* Activity:
Two lines in the data below mark the range: the one with "(simp add: lessThan_Suc_atMost)" and the one with "(simp add: p_def)". Return both, along with every line between them, exactly.

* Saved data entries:
---------------
lemma attackP_Suc:
  assumes "q \<noteq> 1"
  shows "attackP q (Suc m) = real ((2 * Suc m) choose Suc m) * (1 - q) ^ m * q ^ (m+1) *
           (\<Sum>j\<le>m. central_ratio m j * (q / (1 - q)) ^ j)"
proof -
  have "attackP q (Suc m) = 2 * (\<Sum>k\<le>m. real ((2*m+1) choose k) * (1 - q) ^ k * q ^ (2*m+1 - k))"
    using attackP_eq_twice_binomial_tail[of "Suc m" q] by (simp add: lessThan_Suc_atMost)
  also have "\<dots> = 2 * real ((2*m+1) choose m) * (1 - q) ^ m * q ^ (m+1) *
                    (\<Sum>j\<le>m. central_ratio m j * (q / (1 - q)) ^ j)"
    using binomial_lower_tail_from_centre[of "1 - q" m q] assms by simp
  finally show ?thesis
    unfolding central_binomial_Suc by simp
qed

lemma attackP_Suc_ratio:
  assumes "0 < q" and "q < 1/2"
  shows "attackP q (Suc m) /
           ((4 * (1 - q) * q) ^ Suc m / sqrt (pi * (1 - 4 * (1 - q) * q) * real (Suc m))) =
         real ((2 * Suc m) choose Suc m) * sqrt (pi * real (Suc m)) / 4 ^ Suc m *
           (\<Sum>j\<le>m. central_ratio m j * (q / (1 - q)) ^ j) * ((1 - 2 * q) / (1 - q))"
proof -
  define p where "p = 1 - q"
  define C where "C = real ((2 * Suc m) choose Suc m)"
  define S where "S = (\<Sum>j\<le>m. central_ratio m j * (q / p) ^ j)"
  define R where "R = sqrt (pi * real (Suc m))"
  have "0 < p" "q < p" using assms by (auto simp: p_def)
  have "1 - 4 * (1 - q) * q = (p - q)\<^sup>2"
    by (simp add: p_def power2_eq_square algebra_simps)
  then have sqrt_eq: "sqrt (pi * (1 - 4 * (1 - q) * q) * real (Suc m)) = (p - q) * R"
    using \<open>q < p\<close> by (simp add: R_def real_sqrt_mult)
  have power_eq: "(4 * (1 - q) * q) ^ Suc m = 4 ^ Suc m * p * p ^ m * q ^ (m+1)"
    unfolding p_def[symmetric] power_mult_distrib by (simp add: mult_ac)
  have "1 - 2 * q = p - q" by (simp add: p_def)
  have "attackP q (Suc m) = C * p ^ m * q ^ (m+1) * S"
    using attackP_Suc[of q m] assms by (simp add: C_def S_def p_def)
  moreover have "R > 0" by (simp add: R_def)
  ultimately show ?thesis
    unfolding sqrt_eq power_eq \<open>1 - 2 * q = p - q\<close>
    unfolding C_def[symmetric] R_def[symmetric] p_def[symmetric] S_def[symmetric]
    using assms \<open>0 < p\<close> \<open>q < p\<close> by (simp add: field_simps)
qed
---------------
* Completed task:
    using attackP_eq_twice_binomial_tail[of "Suc m" q] by (simp add: lessThan_Suc_atMost)
  also have "\<dots> = 2 * real ((2*m+1) choose m) * (1 - q) ^ m * q ^ (m+1) *
                    (\<Sum>j\<le>m. central_ratio m j * (q / (1 - q)) ^ j)"
    using binomial_lower_tail_from_centre[of "1 - q" m q] assms by simp
  finally show ?thesis
    unfolding central_binomial_Suc by simp
qed

lemma attackP_Suc_ratio:
  assumes "0 < q" and "q < 1/2"
  shows "attackP q (Suc m) /
           ((4 * (1 - q) * q) ^ Suc m / sqrt (pi * (1 - 4 * (1 - q) * q) * real (Suc m))) =
         real ((2 * Suc m) choose Suc m) * sqrt (pi * real (Suc m)) / 4 ^ Suc m *
           (\<Sum>j\<le>m. central_ratio m j * (q / (1 - q)) ^ j) * ((1 - 2 * q) / (1 - q))"
proof -
  define p where "p = 1 - q"
  define C where "C = real ((2 * Suc m) choose Suc m)"
  define S where "S = (\<Sum>j\<le>m. central_ratio m j * (q / p) ^ j)"
  define R where "R = sqrt (pi * real (Suc m))"
  have "0 < p" "q < p" using assms by (auto simp: p_def)
  have "1 - 4 * (1 - q) * q = (p - q)\<^sup>2"
    by (simp add: p_def power2_eq_square algebra_simps)
  then have sqrt_eq: "sqrt (pi * (1 - 4 * (1 - q) * q) * real (Suc m)) = (p - q) * R"
    using \<open>q < p\<close> by (simp add: R_def real_sqrt_mult)
  have power_eq: "(4 * (1 - q) * q) ^ Suc m = 4 ^ Suc m * p * p ^ m * q ^ (m+1)"
    unfolding p_def[symmetric] power_mult_distrib by (simp add: mult_ac)
  have "1 - 2 * q = p - q" by (simp add: p_def)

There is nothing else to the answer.